The Balearic Tourism Agency's Better in Winter promotional campaign isn't wholly about winter. Although it doesn't mention summer (well, it wouldn't, would it), the campaign branches out into the two remaining seasons. In actual fact, there is an acknowledgement of summer because there is a slogan lurking which suggests that Mallorca is ideal at any time of the year.
It can appear as if the agency is somewhat confused as to what it is actually promoting. There again, where winter is concerned, the season has long been used as local shorthand for anything which isn't summer; itself defined, confusingly enough, as May to October.
The apparent neglect of spring and autumn comes about purely because of the holiday seasons. There is summer and there is not-summer, aka winter, the one which the agency is insisting is better (however it might actually be defined). There is a coy promotional acknowledgement in being "ideal at any time of the year" that summer does exist: coy because the agency (and tourism ministry and indeed whole regional government) would rather like there to be fewer summer tourists and more winter tourists.
This confusion of seasons (and messages) is currently intended to promote all the wonders of Mallorca which aren't only to be found on a beach and under a blazing July sun. But there is, you may be unsurprised to know, absolutely nothing new with what the tourism agency is saying.
If one goes back to around the end of the 1950s, Mallorca was beginning to enjoy its purely summer sun-and-beach reputation. The boom had yet to really happen, but already there were attempts to diversify tourism across the seasons. The Fomento del Turismo (Mallorca Tourist Board), then responsible for promotion, produced a couple of posters. One, with fishing boats in the foreground and Palma Cathedral in the background, said: "You will also prefer Mallorca in the winter." The other, with a Tramuntana mountain and sea image, announced: "Visit Mallorca at any time of the year."

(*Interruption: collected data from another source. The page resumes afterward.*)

(* Let $X_1,X_2,\dots,X_n$ be i.i.d. real random variables. Fix $q$ with $0<q<1$ and let $q^*=2-q$. Assume $\mathbb{E}\exp_{q^*}(aX_1)$ is finite for small positive $a$. For $a>0$ with $0<\mathbb{E}\exp_{q^*}(aX_1)<\infty$ let $\theta(a)=\left[\mathbb{E}\exp_{q^*}(aX_1)\right]^{1-q}a$ (a strictly increasing function of $a$), let $\overline\theta=\sup_{a>0}\theta(a)\le+\infty$, and for $0<\theta<\overline\theta$ define $\Phi(\theta)=\ln_q\mathbb{E}\exp_{q^*}(aX_1)$, where $a$ is the value with $\theta(a)=\theta$. Then for all $x$, $$\mathrm{Prob}\left(\frac1n\sum_{k=1}^nX_k\ge x\right)\le\left[\exp_q(-I(x))\right]^n,$$ where $$I(x)=\sup_{0<\theta<\overline\theta}\{\theta x-\Phi(\theta)\}.$$
   Context: For $q\in(0,2)$, $q\ne1$: $\ln_q(u)=\frac{1}{1-q}(u^{1-q}-1)$ for $u>0$, and $\exp_q(u)=[1+(1-q)u]_+^{1/(1-q)}$ for real $u$ (value in $[0,+\infty]$), where $[u]_+=\max(u,0)$. *)

theory Defs
  imports "HOL-Probability.Probability"
begin

text \<open>Tsallis q-logarithm (for u > 0, q \<noteq> 1).\<close>
definition lnq :: "real \<Rightarrow> real \<Rightarrow> real" where
  "lnq q u = (u powr (1 - q) - 1) / (1 - q)"

definition expq :: "real \<Rightarrow> real \<Rightarrow> ennreal" where
  "expq q u = (if q = 1 then ennreal (exp u)
     else if 1 + (1 - q) * u > 0 then ennreal ((1 + (1 - q) * u) powr (1 / (1 - q)))
     else if q < 1 then 0 else \<infinity>)"

text \<open>Extension to extended reals by the limits at \<plusminus>\<infinity>.\<close>
definition expq_ereal :: "real \<Rightarrow> ereal \<Rightarrow> ennreal" where
  "expq_ereal q t = (case t of ereal u \<Rightarrow> expq q u | PInfty \<Rightarrow> \<infinity> | MInfty \<Rightarrow> 0)"

definition mgfq :: "'a measure \<Rightarrow> ('a \<Rightarrow> real) \<Rightarrow> real \<Rightarrow> real \<Rightarrow> ennreal" where
  "mgfq M Y q a = (\<integral>\<^sup>+ \<omega>. expq (2 - q) (a * Y \<omega>) \<partial>M)"

definition admiss :: "'a measure \<Rightarrow> ('a \<Rightarrow> real) \<Rightarrow> real \<Rightarrow> real set" where
  "admiss M Y q = {a. a > 0 \<and> 0 < mgfq M Y q a \<and> mgfq M Y q a < \<infinity>}"

definition thetaq :: "'a measure \<Rightarrow> ('a \<Rightarrow> real) \<Rightarrow> real \<Rightarrow> real \<Rightarrow> real" where
  "thetaq M Y q a = (enn2real (mgfq M Y q a)) powr (1 - q) * a"

definition theta_bar :: "'a measure \<Rightarrow> ('a \<Rightarrow> real) \<Rightarrow> real \<Rightarrow> ereal" where
  "theta_bar M Y q = (SUP a\<in>admiss M Y q. ereal (thetaq M Y q a))"

definition Phiq :: "'a measure \<Rightarrow> ('a \<Rightarrow> real) \<Rightarrow> real \<Rightarrow> real \<Rightarrow> real" where
  "Phiq M Y q \<theta> = lnq q (enn2real (mgfq M Y q
      (THE a. a \<in> admiss M Y q \<and> thetaq M Y q a = \<theta>)))"

definition Iq :: "'a measure \<Rightarrow> ('a \<Rightarrow> real) \<Rightarrow> real \<Rightarrow> real \<Rightarrow> ereal" where
  "Iq M Y q x = (SUP \<theta>\<in>{\<theta>. 0 < \<theta> \<and> ereal \<theta> < theta_bar M Y q}.
                    ereal (\<theta> * x - Phiq M Y q \<theta>))"

end

theory Submission
  imports Defs "HOL-Real_Asymp.Real_Asymp"
begin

Nothing has therefore changed, only the political thinking behind promotional campaigns. But even getting on for 60 years ago, the two seasons of spring and autumn found it hard to make their presence known. If one goes back over the decades, there is little which has ever expressly promoted either season. There was one campaign, though, and it wasn't Mallorca-driven. It was by the airline Iberia.
I'm unsure when this campaign was developed. It is quite possible that it coincided with the elimination of visa requirements for US visitors coming to Spain. That was in 1953. The following year, an amendment to international rules for civil aviation, was good news for Spain. Charter planes were permitted. Iberia responded by expanding its fleet principally for transatlantic flights.
The poster for this campaign featured a lady in a swimsuit, an almond tree in early blossom (at least I think that's what it's meant to be), the sea and a plane. The slogan read - "Mallorca, island of everlasting spring" - and yes, it was Mallorca with two l's. This may, I'm guessing, be because it wasn't aimed at the British. (The almond blossom, incidentally, is included in a very similar way to which the artist Erwin Hubert had used it in a scene from the early 1930s.)
Why use spring, though? Well, let's face it you wouldn't promote everlasting autumn or winter. Everlasting summer? Not really no. Spring is a bit farfetched when it is reaching a hundred in mid-summer or when the island is being battered by January winds and drowning under floods, but spring does perhaps lend itself to a more accurate impression of the climate when the year is taken as a whole. On average, the temperatures are springlike.
You may not know that 21 March is World Poetry Day. It marks the start of spring. And in Mallorca this is pertinent. Some of the finest poetry has been inspired by spring, and one of the finest and most famous poems is Miquel Costa i Llobera's El Pi de Formentor, the Pine of Formentor.
Costa i Llobera's pine withstands all seasons and all that can be thrown at it by the weather. It isn't a poem, therefore, about spring as such. The poet loves a tree. He says as much. This tree is older than an olive. It is mightier than an oak. It is greener than an orange. It is the pine and its leaves conserve something. They conserve eternal spring. Eternal or everlasting? Maybe someone at Iberia had read a poem.